В эпоху позднего сталинизма, когда Россия сделалась родиной слонов, а также всех важнейших достижений науки и техники, утвердилась жесткая схема: отечественная физиология создана великим ученым-материалистом Иваном Михайловичем Сеченовым, академик Павлов – великий продолжатель Сеченова. Это стало такой же непреложной истиной, как то, что Сталин – продолжатель дела Ленина. Любое отклонение от этой схемы представлялось низкопоклонством перед буржуазной наукой. К 1970-м годам догмы сталинизма, казалось бы, были давно похоронены, но многие из тех, кто их насаждал, были живы, влиятельны и не собирались уступать своих позиций.
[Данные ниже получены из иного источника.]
(* Let $E$ be a sequentially complete locally convex space, $A$ a closed linear operator on $E$, $0<\tau\le\infty$ and $n\in\mathbb N_0$. (i) Suppose that for every $x\in D(A^n)$ the abstract Cauchy problem $(ACP_1)$ has a unique mild solution $u(\cdot;x)$ on $[0,\tau)$. Then $A$ is stationary dense and $n(A)\le n$. (ii) Suppose that $A$ generates a locally equicontinuous $n$-times integrated semigroup $(S_n(t))_{t\in[0,\tau)}$ on $E$. Then $A$ is stationary dense and $n(A)\le n$.
   Context: $E$ is a Hausdorff sequentially complete locally convex space whose topology is given by a family $\circledast$ of continuous seminorms. For a closed linear operator $A$ on $E$, $D(A^m)$ denotes the domain of the $m$-th power of $A$. $A$ is called stationary dense if $$n(A):=\inf\{k\in\mathbb N_0:\ D(A^m)\subseteq\overline{D(A^{m+1})}\ \text{for all } m\ge k\}<\infty .$$ The abstract Cauchy problem $(ACP_1)$ is: find $u\in C([0,\tau):[D(A)])\cap C^1([0,\tau):E)$ with $u'(t)=Au(t)$ for $t\in[0,\tau)$ and $u(0)=x$. A mild solution of $(ACP_1)$ is a continuous function $u(\cdot;x):[0,\tau)\to E$ such that $\int_0^t u(s;x)\,ds\in D(A)$ and $A\int_0^t u(s;x)\,ds=u(t;x)-x$ for all $t\in[0,\tau)$. A locally equicontinuous $n$-times integrated semigroup generated by $A$ is a strongly continuous family $(S_n(t))_{t\in[0,\tau)}$ of continuous linear operators on $E$, equicontinuous on every compact subinterval of $[0,\tau)$, with $S_n(t)A\subseteq AS_n(t)$, such that for all $x\in E$ and $t\in[0,\tau)$, $\int_0^tS_n(s)x\,ds\in D(A)$ and $A\int_0^tS_n(s)x\,ds=S_n(t)x-\frac{t^n}{n!}x$, and $A$ is the (integral) generator of this family. *)

theory Defs
  imports "HOL-Analysis.Analysis"
begin

definition seminorm :: "('a::real_vector \<Rightarrow> real) \<Rightarrow> bool" where
  "seminorm p \<longleftrightarrow> (\<forall>x y. p (x + y) \<le> p x + p y) \<and> (\<forall>c x. p (c *\<^sub>R x) = \<bar>c\<bar> * p x)"

definition lcs_top :: "('a::real_vector \<Rightarrow> real) set \<Rightarrow> 'a topology" where
  "lcs_top P = topology_generated_by
     (insert UNIV {{y. p (y - x) < e} | p x e. p \<in> P \<and> e > 0})"

definition seq_complete_lcs :: "('a::real_vector \<Rightarrow> real) set \<Rightarrow> bool" where
  "seq_complete_lcs P \<longleftrightarrow>
     (\<forall>xs::nat \<Rightarrow> 'a. (\<forall>p\<in>P. \<forall>e>0. \<exists>N. \<forall>m\<ge>N. \<forall>k\<ge>N. p (xs m - xs k) < e)
        \<longrightarrow> (\<exists>x. limitin (lcs_top P) xs x sequentially))"

definition sc_lcs :: "('a::real_vector \<Rightarrow> real) set \<Rightarrow> bool" where
  "sc_lcs P \<longleftrightarrow> (\<forall>p\<in>P. seminorm p) \<and> Hausdorff_space (lcs_top P) \<and> seq_complete_lcs P"

definition has_lcs_integral ::
  "('a::real_vector \<Rightarrow> real) set \<Rightarrow> (real \<Rightarrow> 'a) \<Rightarrow> real \<Rightarrow> real \<Rightarrow> 'a \<Rightarrow> bool" where
  "has_lcs_integral P f a b I \<longleftrightarrow>
     (\<forall>p\<in>P. \<forall>e>0. \<exists>d>0. \<forall>D. D tagged_division_of {a..b} \<and> (\<lambda>x. ball x d) fine D \<longrightarrow>
        p ((\<Sum>(x,K)\<in>D. Henstock_Kurzweil_Integration.content K *\<^sub>R f x) - I) < e)"

definition closed_linear_op :: "('a::real_vector \<Rightarrow> real) set \<Rightarrow> 'a set \<Rightarrow> ('a \<Rightarrow> 'a) \<Rightarrow> bool" where
  "closed_linear_op P D A \<longleftrightarrow> subspace D
     \<and> (\<forall>x\<in>D. \<forall>y\<in>D. A (x + y) = A x + A y)
     \<and> (\<forall>c. \<forall>x\<in>D. A (c *\<^sub>R x) = c *\<^sub>R A x)
     \<and> closedin (prod_topology (lcs_top P) (lcs_top P)) {(x, A x) | x. x \<in> D}"

fun dom_pow :: "'a set \<Rightarrow> ('a \<Rightarrow> 'a) \<Rightarrow> nat \<Rightarrow> 'a set" where
  "dom_pow D A 0 = UNIV"
| "dom_pow D A (Suc m) = {x \<in> D. A x \<in> dom_pow D A m}"

definition sd_indices :: "('a::real_vector \<Rightarrow> real) set \<Rightarrow> 'a set \<Rightarrow> ('a \<Rightarrow> 'a) \<Rightarrow> nat set" where
  "sd_indices P D A = {k. \<forall>m\<ge>k. dom_pow D A m \<subseteq> (lcs_top P) closure_of (dom_pow D A (Suc m))}"

definition stationary_dense :: "('a::real_vector \<Rightarrow> real) set \<Rightarrow> 'a set \<Rightarrow> ('a \<Rightarrow> 'a) \<Rightarrow> bool" where
  "stationary_dense P D A \<longleftrightarrow> sd_indices P D A \<noteq> {}"

text \<open>n(A) (meaningful when A is stationary dense)\<close>
definition n_index :: "('a::real_vector \<Rightarrow> real) set \<Rightarrow> 'a set \<Rightarrow> ('a \<Rightarrow> 'a) \<Rightarrow> nat" where
  "n_index P D A = Inf (sd_indices P D A)"

definition Tint :: "ereal \<Rightarrow> real set" where
  "Tint \<tau> = {t. 0 \<le> t \<and> ereal t < \<tau>}"

definition mild_solution ::
  "('a::real_vector \<Rightarrow> real) set \<Rightarrow> 'a set \<Rightarrow> ('a \<Rightarrow> 'a) \<Rightarrow> ereal \<Rightarrow> 'a \<Rightarrow> (real \<Rightarrow> 'a) \<Rightarrow> bool" where
  "mild_solution P D A \<tau> x u \<longleftrightarrow>
     continuous_map (subtopology euclideanreal (Tint \<tau>)) (lcs_top P) u
     \<and> (\<forall>t\<in>Tint \<tau>. \<exists>I. has_lcs_integral P u 0 t I \<and> I \<in> D \<and> A I = u t - x)"

definition unique_mild_solution ::
  "('a::real_vector \<Rightarrow> real) set \<Rightarrow> 'a set \<Rightarrow> ('a \<Rightarrow> 'a) \<Rightarrow> ereal \<Rightarrow> 'a \<Rightarrow> bool" where
  "unique_mild_solution P D A \<tau> x \<longleftrightarrow>
     (\<exists>u. mild_solution P D A \<tau> x u \<and>
        (\<forall>v. mild_solution P D A \<tau> x v \<longrightarrow> (\<forall>t\<in>Tint \<tau>. v t = u t)))"

definition loc_equicont_int_semigroup ::
  "('a::real_vector \<Rightarrow> real) set \<Rightarrow> 'a set \<Rightarrow> ('a \<Rightarrow> 'a) \<Rightarrow> ereal \<Rightarrow> nat \<Rightarrow> (real \<Rightarrow> 'a \<Rightarrow> 'a) \<Rightarrow> bool" where
  "loc_equicont_int_semigroup P D A \<tau> n S \<longleftrightarrow>
     \<comment> \<open>continuous linear operators\<close>
     (\<forall>t\<in>Tint \<tau>. linear (S t) \<and> continuous_map (lcs_top P) (lcs_top P) (S t))
     \<comment> \<open>strong continuity\<close>
     \<and> (\<forall>x. continuous_map (subtopology euclideanreal (Tint \<tau>)) (lcs_top P) (\<lambda>t. S t x))
     \<comment> \<open>equicontinuity on compact subintervals [0,b]\<close>
     \<and> (\<forall>b\<in>Tint \<tau>. \<forall>V. openin (lcs_top P) V \<and> 0 \<in> V \<longrightarrow>
          (\<exists>U. openin (lcs_top P) U \<and> 0 \<in> U \<and> (\<forall>t\<in>{0..b}. S t ` U \<subseteq> V)))
     \<comment> \<open>S(t) A \<subseteq> A S(t)\<close>
     \<and> (\<forall>t\<in>Tint \<tau>. \<forall>x\<in>D. S t x \<in> D \<and> A (S t x) = S t (A x))
     \<comment> \<open>integral equation\<close>
     \<and> (\<forall>t\<in>Tint \<tau>. \<forall>x. \<exists>I. has_lcs_integral P (\<lambda>s. S s x) 0 t I \<and> I \<in> D
          \<and> A I = S t x - (t ^ n / fact n) *\<^sub>R x)
     \<comment> \<open>A is the integral generator of S\<close>
     \<and> (\<forall>x y. (x \<in> D \<and> y = A x) \<longleftrightarrow>
          (\<forall>t\<in>Tint \<tau>. has_lcs_integral P (\<lambda>s. S s y) 0 t (S t x - (t ^ n / fact n) *\<^sub>R x)))"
С рудиментами этих догм то и дело приходилось сталкиваться. Видны они и в книге «Человек науки». Чего стоит хотя бы такая сентенция из редакционного предисловия:

«Полемика, ведущаяся <…> в капиталистических странах, отражает антагонистический характер противоречий между достижениями современной научно-технической революции и социальными условиями, препятствующими развитию сущностных сил целостной человеческой личности, возможностей ее познания и самопознания»[23].

Полная бессмыслица, но какова аранжировка! Чтобы нельзя было заподозрить редактора в том, что ему недостает классового подхода к загнивающему капитализму, который вот-вот должен рухнуть под тяжестью своих антагонистических противоречий!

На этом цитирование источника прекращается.